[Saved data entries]
lemma coprod_endofunctor_arrow_part:
  assumes F: "is_functor (coprod_cat I n G) (coprod_cat I n G) F"
    and x: "(i, k) \<in> c_obj (coprod_cat I n G)" and Fx: "fst F (i, k) = (j, l)"
  shows "(j, l) \<in> c_obj (coprod_cat I n G)"
    and "g \<in> carrier (G i) \<Longrightarrow> snd F (i, k, g) = (j, l, arrow_part F i k g)"
    and "arrow_part F i k \<in> hom (G i) (G j)"
proof -
  let ?C = "coprod_cat I n G"
  show y: "(j, l) \<in> c_obj ?C"
    using functor_obj[OF F x] Fx by simp
  have i: "i \<in> I" and arrow: "\<And>g. g \<in> carrier (G i) \<Longrightarrow> (i, k, g) \<in> c_hom ?C (i, k) (i, k)"
    using x by (simp_all add: coprod_obj_iff coprod_hom_iff)
  have image: "snd F (i, k, g) = (j, l, arrow_part F i k g) \<and> arrow_part F i k g \<in> carrier (G j)"
    if "g \<in> carrier (G i)" for g
    using functor_hom[OF F x x arrow[OF that]] Fx unfolding arrow_part_def
    by (auto simp: coprod_hom_iff)
  then show "g \<in> carrier (G i) \<Longrightarrow> snd F (i, k, g) = (j, l, arrow_part F i k g)"
    by blast
  have "arrow_part F i k (h \<otimes>\<^bsub>G i\<^esub> g) = arrow_part F i k h \<otimes>\<^bsub>G j\<^esub> arrow_part F i k g"
    if "g \<in> carrier (G i)" "h \<in> carrier (G i)" for g h
    using functor_comp[OF F x x x arrow[OF that(1)] arrow[OF that(2)]] image[OF that(1)] image[OF that(2)]
      image[OF monoid.m_closed[OF group.is_monoid[OF grp[OF i]] that(2,1)]]
    by (simp add: coprod_comp)
  then show "arrow_part F i k \<in> hom (G i) (G j)"
    using image by (auto simp: hom_def)
qed

text \<open>An equivalence can only identify copies of isomorphic groups: composing the arrow
  parts of an equivalence and of a quasi-inverse gives inner automorphisms, by the
  naturality of the unit and the counit.\<close>

lemma coprod_equivalence_arrow_part_iso:
  assumes F: "is_equivalence (coprod_cat I n G) (coprod_cat I n G) F"
    and x: "(i, k) \<in> c_obj (coprod_cat I n G)" and Fx: "fst F (i, k) = (j, l)"
  shows "arrow_part F i k \<in> iso (G i) (G j)"
proof -
  let ?C = "coprod_cat I n G"
  obtain Q \<eta> \<epsilon> where F_fun: "is_functor ?C ?C F" and Q_fun: "is_functor ?C ?C Q"
    and \<eta>: "nat_trans ?C ?C (id, id) (fcomp Q F) \<eta>" and \<epsilon>: "nat_trans ?C ?C (fcomp F Q) (id, id) \<epsilon>"
    using F unfolding is_equivalence_def nat_iso_def by blast
  note F_arrow = coprod_endofunctor_arrow_part[OF F_fun x Fx]
  have y: "(j, l) \<in> c_obj ?C" and i: "i \<in> I" and j: "j \<in> I"
    using F_arrow(1) x by (simp_all add: coprod_obj_iff)
  have Qy: "fst Q (j, l) = (i, k)"
    using coprod_nat_trans_component(1)[OF \<eta> x] Fx by (simp add: fcomp_def)
  note Q_arrow = coprod_endofunctor_arrow_part[OF Q_fun y Qy]
  let ?\<phi> = "arrow_part F i k" and ?\<psi> = "arrow_part Q j l"
  have \<phi>: "?\<phi> \<in> hom (G i) (G j)" and \<psi>: "?\<psi> \<in> hom (G j) (G i)"
    using F_arrow(3) Q_arrow(3) .
  have "intertwines (G i) (snd (snd (\<eta> (i, k)))) (\<lambda>g. g) (\<lambda>g. ?\<psi> (?\<phi> g))"
    using F_arrow(2) Q_arrow(2) hom_in_carrier[OF \<phi>]
    by (intro coprod_nat_trans_intertwines[OF \<eta> x]) (simp_all add: fcomp_def)
  moreover have "intertwines (G j) (snd (snd (\<epsilon> (j, l)))) (\<lambda>h. ?\<phi> (?\<psi> h)) (\<lambda>h. h)"
    using F_arrow(2) Q_arrow(2) hom_in_carrier[OF \<psi>] Fx Qy
    by (intro coprod_nat_trans_intertwines[OF \<epsilon> y]) (simp_all add: fcomp_def)
  ultimately have "bij_betw ?\<phi> (carrier (G i)) (carrier (G j))"
    by (rule bij_betw_if_inverse_up_to_conjugation[OF grp[OF i] grp[OF j] hom_funcset[OF \<phi>] hom_funcset[OF \<psi>]])
  with \<phi> show ?thesis
    by (simp add: iso_def)
qed

end

section \<open>The comparison isomorphism\<close>

abbreviation wreath_prod :: "'i set \<Rightarrow> ('i \<Rightarrow> nat) \<Rightarrow> ('i \<Rightarrow> 'g monoid) \<Rightarrow> _" where
  "wreath_prod I n G \<equiv> prod_mcat I (\<lambda>i. wreath (n i) (Sym_2grp (grp_cat (G i))))"

type_synonym 'g grp_endo = "(unit \<Rightarrow> unit) \<times> ('g \<Rightarrow> 'g)"
type_synonym ('i, 'g) wr_obj = "'i \<Rightarrow> (nat \<Rightarrow> nat) \<times> (nat \<Rightarrow> 'g grp_endo)"
type_synonym ('i, 'g) wr_mor = "'i \<Rightarrow> (nat \<Rightarrow> nat) \<times> (nat \<Rightarrow> 'g grp_endo \<times> 'g grp_endo \<times> (unit \<Rightarrow> 'g))"

definition wr_to_Sym :: "'i set \<Rightarrow> ('i \<Rightarrow> nat) \<Rightarrow> ('i \<Rightarrow> 'g monoid) \<Rightarrow> ('i, 'g) wr_obj \<Rightarrow> ('i, 'g) coprod_endo"
  where "wr_to_Sym I n G D = coprod_functor I n G (\<lambda>i. fst (D i)) (\<lambda>i k. snd (snd (D i) k))"

text \<open>An arrow of the wreath product records its source and target componentwise;
  \<open>wr_dom\<close> and \<open>wr_cod\<close> read them off, so that the comparison on arrows is a
  function of the arrow alone.\<close>

definition wr_dom :: "'i set \<Rightarrow> ('i \<Rightarrow> nat) \<Rightarrow> ('i, 'g) wr_mor \<Rightarrow> ('i, 'g) wr_obj" where
  "wr_dom I n m = (\<lambda>i\<in>I. (fst (m i), \<lambda>k\<in>{1..n i}. fst (snd (m i) k)))"

definition wr_cod :: "'i set \<Rightarrow> ('i \<Rightarrow> nat) \<Rightarrow> ('i, 'g) wr_mor \<Rightarrow> ('i, 'g) wr_obj" where
  "wr_cod I n m = (\<lambda>i\<in>I. (fst (m i), \<lambda>k\<in>{1..n i}. fst (snd (snd (m i) k))))"

definition wr_cell :: "'i set \<Rightarrow> ('i \<Rightarrow> nat) \<Rightarrow> ('i \<Rightarrow> 'g monoid) \<Rightarrow> ('i, 'g) wr_mor
    \<Rightarrow> 'i \<times> nat \<Rightarrow> 'i \<times> nat \<times> 'g" where
  "wr_cell I n G m = (\<lambda>(i, k)\<in>c_obj (coprod_cat I n G). (i, fst (m i) k, snd (snd (snd (m i) k)) ()))"

definition wr_to_Sym_mor :: "'i set \<Rightarrow> ('i \<Rightarrow> nat) \<Rightarrow> ('i \<Rightarrow> 'g monoid) \<Rightarrow> ('i, 'g) wr_mor
    \<Rightarrow> ('i, 'g) coprod_endo \<times> ('i, 'g) coprod_endo \<times> ('i \<times> nat \<Rightarrow> 'i \<times> nat \<times> 'g)" where
  "wr_to_Sym_mor I n G m = (wr_to_Sym I n G (wr_dom I n m), wr_to_Sym I n G (wr_cod I n m), wr_cell I n G m)"

text \<open>The permutation of the copies of \<open>G i\<close> is extended by the identity outside
  \<open>{1..n i}\<close>, as required by \<open>permutes\<close>.\<close>

definition Sym_to_wr :: "'i set \<Rightarrow> ('i \<Rightarrow> nat) \<Rightarrow> ('i \<Rightarrow> 'g monoid) \<Rightarrow> ('i, 'g) coprod_endo \<Rightarrow> ('i, 'g) wr_obj"
  where "Sym_to_wr I n G F = (\<lambda>i\<in>I. (\<lambda>k. if k \<in> {1..n i} then snd (fst F (i, k)) else k,
       \<lambda>k\<in>{1..n i}. (\<lambda>u. (), \<lambda>g\<in>carrier (G i). arrow_part F i k g)))"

:: Task to complete ::
Set down, exactly as they appear above, all lines from the one that has "using F_arrow(2) Q_arrow(2) hom_in_carrier[OF \<phi>]" down to the one that has "by (rule bij_betw_if_inverse_up_to_conjugation[OF", including those two and no others.

:: Response to the task ::
    using F_arrow(2) Q_arrow(2) hom_in_carrier[OF \<phi>]
    by (intro coprod_nat_trans_intertwines[OF \<eta> x]) (simp_all add: fcomp_def)
  moreover have "intertwines (G j) (snd (snd (\<epsilon> (j, l)))) (\<lambda>h. ?\<phi> (?\<psi> h)) (\<lambda>h. h)"
    using F_arrow(2) Q_arrow(2) hom_in_carrier[OF \<psi>] Fx Qy
    by (intro coprod_nat_trans_intertwines[OF \<epsilon> y]) (simp_all add: fcomp_def)
  ultimately have "bij_betw ?\<phi> (carrier (G i)) (carrier (G j))"
    by (rule bij_betw_if_inverse_up_to_conjugation[OF grp[OF i] grp[OF j] hom_funcset[OF \<phi>] hom_funcset[OF \<psi>]])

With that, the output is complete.